» EXTRACTED INFORMATION:

(* Let $n\ge8$, and let $d_{\rm YHZ}$ and $d_{\rm QXY}$ be as defined in the context, under the assumption stated there. Then $d_{\rm YHZ}\ge d_{\rm QXY}$.
   Context: Let $a_0,\dots,a_n$ be indeterminates, $P=\sum_{i=0}^na_ix^i$, $\boldsymbol F=(P^{(0)},\dots,P^{(n)})$ with $P^{(k)}$ the $k$-th derivative. $\mathcal M(n)$ is the set of nonincreasing tuples $\boldsymbol\mu=(\mu_1,\dots,\mu_m)$ of positive integers with sum $n$; its conjugate is $\bar{\boldsymbol\mu}=(\bar\mu_1,\bar\mu_2,\dots)$, $\bar\mu_i=\#\{j:\mu_j\ge i\}$; tuples are compared lexicographically after padding with zeros. Subresultants: for $\boldsymbol F=(F_0,\dots,F_t)$, $d_i=\deg F_i$ (formal degree), and $\boldsymbol\delta\in\mathbb{Z}_{\ge0}^t$ with $|\boldsymbol\delta|=\sum\delta_i\le d_0$, put $\delta_0=\max_{\delta_i\neq0,\,i\ge1}(d_i+\delta_i)-d_0$ if this max is $\ge d_0$, else $\delta_0=1$; $\boldsymbol M_{\boldsymbol\delta}(\boldsymbol F)$ is the $(\delta_0+|\boldsymbol\delta|)\times(\delta_0+d_0)$ matrix with rows the coefficient vectors of $x^{\delta_0-1}F_0,\dots,F_0,x^{\delta_1-1}F_1,\dots,F_1,\dots,x^{\delta_t-1}F_t,\dots,F_t$ w.r.t. $x^{\delta_0+d_0-1},\dots,1$; $R_{\boldsymbol\delta}(\boldsymbol F)=\operatorname{dp}\boldsymbol M_{\boldsymbol\delta}(\boldsymbol F)$, where for a $p\times q$ matrix ($p\le q$) $\operatorname{dp}\boldsymbol M=\sum_{i=0}^{q-p}\det[\boldsymbol M_1,\dots,\boldsymbol M_{p-1},\boldsymbol M_{q-i}]x^i$; $\overline{R_{\boldsymbol\delta}(\boldsymbol F)}$ is the coefficient of $x^{d_0-|\boldsymbol\delta|}$. For $\boldsymbol\delta$ of length $t\le n$, $R_{\boldsymbol\delta}(\boldsymbol F)=R_{\boldsymbol\delta}(P^{(0)},\dots,P^{(t)})$. Discriminant sequence: for $G=\sum_{i=0}^s b_ix^i$ (formal degree $s$), the discrimination matrix is the $2s\times2s$ matrix whose rows $2k-1$, $2k$ ($k=1,\dots,s$) are the coefficient vectors of $x^{s-k}G$ and $x^{s-k}G'$ w.r.t. $x^{2s-1},\dots,1$; $D_j(G)$ is its leading principal $2j\times2j$ minor. $d_{\rm YHZ}$: for $\boldsymbol\mu\in\mathcal M(n)$ let $\tilde G_0=P$, $\tilde G_i=R_{\bar\mu_i}(\tilde G_{i-1},\tilde G_{i-1}')$ ($i\ge1$) of formal degree $s_i=\sum_{k=i+1}^{\mu_1}\bar\mu_k$; $\mathcal S_{\boldsymbol\mu}$ consists of $D_j(\tilde G_i)$ for $0\le i\le\mu_1-2$, $\bar\mu_{i+1}+1\le j\le s_i$; $D_{s_{\mu_1-1}}(\tilde G_{\mu_1-1})$; and $D_j(\tilde G_i)$ for $0\le i\le\mu_1-1$, $1\le j\le\bar\mu_{i+1}$. $d_{\rm YHZ}$ is the maximal total degree in $a_0,\dots,a_n$ over $\bigcup_{\boldsymbol\mu}\mathcal S_{\boldsymbol\mu}$. Assumption: for every $\boldsymbol\mu$ and $0\le i\le\mu_1-1$, the coefficient of $x^{s_i}$ in $\tilde G_i$ and $\overline{R_{s_i}(\tilde G_i,\tilde G_i')}$ are not identically zero. $d_{\rm QXY}$: for $\boldsymbol\mu\in\mathcal M(n)$ let $G_0=P$, $G_i=R_{(\bar\mu_1,\dots,\bar\mu_i)}(\boldsymbol F)$ of formal degree $n-(\bar\mu_1+\dots+\bar\mu_i)$; $\mathcal T_{\boldsymbol\mu}$ consists of the coefficients of $R_{\boldsymbol\gamma}(\boldsymbol F)$ for $\boldsymbol\gamma\in\mathcal M(n)$, $\boldsymbol\gamma\succeq\bar{\boldsymbol\mu}$, and $D_j(G_i)$ for $0\le i\le\mu_1-1$, $1\le j\le\bar\mu_{i+1}$. $d_{\rm QXY}$ is the maximal total degree in $a_0,\dots,a_n$ over $\bigcup_{\boldsymbol\mu}\mathcal T_{\boldsymbol\mu}$. *)

theory Defs
  imports "HOL-Library.Poly_Mapping" "Jordan_Normal_Form.Determinant"
begin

» TASK INSTRUCTIONS: Write out the material once more so that every line matches exactly.

» OUTPUT FOR THIS EXERCISE:
(* Let $n\ge8$, and let $d_{\rm YHZ}$ and $d_{\rm QXY}$ be as defined in the context, under the assumption stated there. Then $d_{\rm YHZ}\ge d_{\rm QXY}$.
   Context: Let $a_0,\dots,a_n$ be indeterminates, $P=\sum_{i=0}^na_ix^i$, $\boldsymbol F=(P^{(0)},\dots,P^{(n)})$ with $P^{(k)}$ the $k$-th derivative. $\mathcal M(n)$ is the set of nonincreasing tuples $\boldsymbol\mu=(\mu_1,\dots,\mu_m)$ of positive integers with sum $n$; its conjugate is $\bar{\boldsymbol\mu}=(\bar\mu_1,\bar\mu_2,\dots)$, $\bar\mu_i=\#\{j:\mu_j\ge i\}$; tuples are compared lexicographically after padding with zeros. Subresultants: for $\boldsymbol F=(F_0,\dots,F_t)$, $d_i=\deg F_i$ (formal degree), and $\boldsymbol\delta\in\mathbb{Z}_{\ge0}^t$ with $|\boldsymbol\delta|=\sum\delta_i\le d_0$, put $\delta_0=\max_{\delta_i\neq0,\,i\ge1}(d_i+\delta_i)-d_0$ if this max is $\ge d_0$, else $\delta_0=1$; $\boldsymbol M_{\boldsymbol\delta}(\boldsymbol F)$ is the $(\delta_0+|\boldsymbol\delta|)\times(\delta_0+d_0)$ matrix with rows the coefficient vectors of $x^{\delta_0-1}F_0,\dots,F_0,x^{\delta_1-1}F_1,\dots,F_1,\dots,x^{\delta_t-1}F_t,\dots,F_t$ w.r.t. $x^{\delta_0+d_0-1},\dots,1$; $R_{\boldsymbol\delta}(\boldsymbol F)=\operatorname{dp}\boldsymbol M_{\boldsymbol\delta}(\boldsymbol F)$, where for a $p\times q$ matrix ($p\le q$) $\operatorname{dp}\boldsymbol M=\sum_{i=0}^{q-p}\det[\boldsymbol M_1,\dots,\boldsymbol M_{p-1},\boldsymbol M_{q-i}]x^i$; $\overline{R_{\boldsymbol\delta}(\boldsymbol F)}$ is the coefficient of $x^{d_0-|\boldsymbol\delta|}$. For $\boldsymbol\delta$ of length $t\le n$, $R_{\boldsymbol\delta}(\boldsymbol F)=R_{\boldsymbol\delta}(P^{(0)},\dots,P^{(t)})$. Discriminant sequence: for $G=\sum_{i=0}^s b_ix^i$ (formal degree $s$), the discrimination matrix is the $2s\times2s$ matrix whose rows $2k-1$, $2k$ ($k=1,\dots,s$) are the coefficient vectors of $x^{s-k}G$ and $x^{s-k}G'$ w.r.t. $x^{2s-1},\dots,1$; $D_j(G)$ is its leading principal $2j\times2j$ minor. $d_{\rm YHZ}$: for $\boldsymbol\mu\in\mathcal M(n)$ let $\tilde G_0=P$, $\tilde G_i=R_{\bar\mu_i}(\tilde G_{i-1},\tilde G_{i-1}')$ ($i\ge1$) of formal degree $s_i=\sum_{k=i+1}^{\mu_1}\bar\mu_k$; $\mathcal S_{\boldsymbol\mu}$ consists of $D_j(\tilde G_i)$ for $0\le i\le\mu_1-2$, $\bar\mu_{i+1}+1\le j\le s_i$; $D_{s_{\mu_1-1}}(\tilde G_{\mu_1-1})$; and $D_j(\tilde G_i)$ for $0\le i\le\mu_1-1$, $1\le j\le\bar\mu_{i+1}$. $d_{\rm YHZ}$ is the maximal total degree in $a_0,\dots,a_n$ over $\bigcup_{\boldsymbol\mu}\mathcal S_{\boldsymbol\mu}$. Assumption: for every $\boldsymbol\mu$ and $0\le i\le\mu_1-1$, the coefficient of $x^{s_i}$ in $\tilde G_i$ and $\overline{R_{s_i}(\tilde G_i,\tilde G_i')}$ are not identically zero. $d_{\rm QXY}$: for $\boldsymbol\mu\in\mathcal M(n)$ let $G_0=P$, $G_i=R_{(\bar\mu_1,\dots,\bar\mu_i)}(\boldsymbol F)$ of formal degree $n-(\bar\mu_1+\dots+\bar\mu_i)$; $\mathcal T_{\boldsymbol\mu}$ consists of the coefficients of $R_{\boldsymbol\gamma}(\boldsymbol F)$ for $\boldsymbol\gamma\in\mathcal M(n)$, $\boldsymbol\gamma\succeq\bar{\boldsymbol\mu}$, and $D_j(G_i)$ for $0\le i\le\mu_1-1$, $1\le j\le\bar\mu_{i+1}$. $d_{\rm QXY}$ is the maximal total degree in $a_0,\dots,a_n$ over $\bigcup_{\boldsymbol\mu}\mathcal T_{\boldsymbol\mu}$. *)

theory Defs
  imports "HOL-Library.Poly_Mapping" "Jordan_Normal_Form.Determinant"
begin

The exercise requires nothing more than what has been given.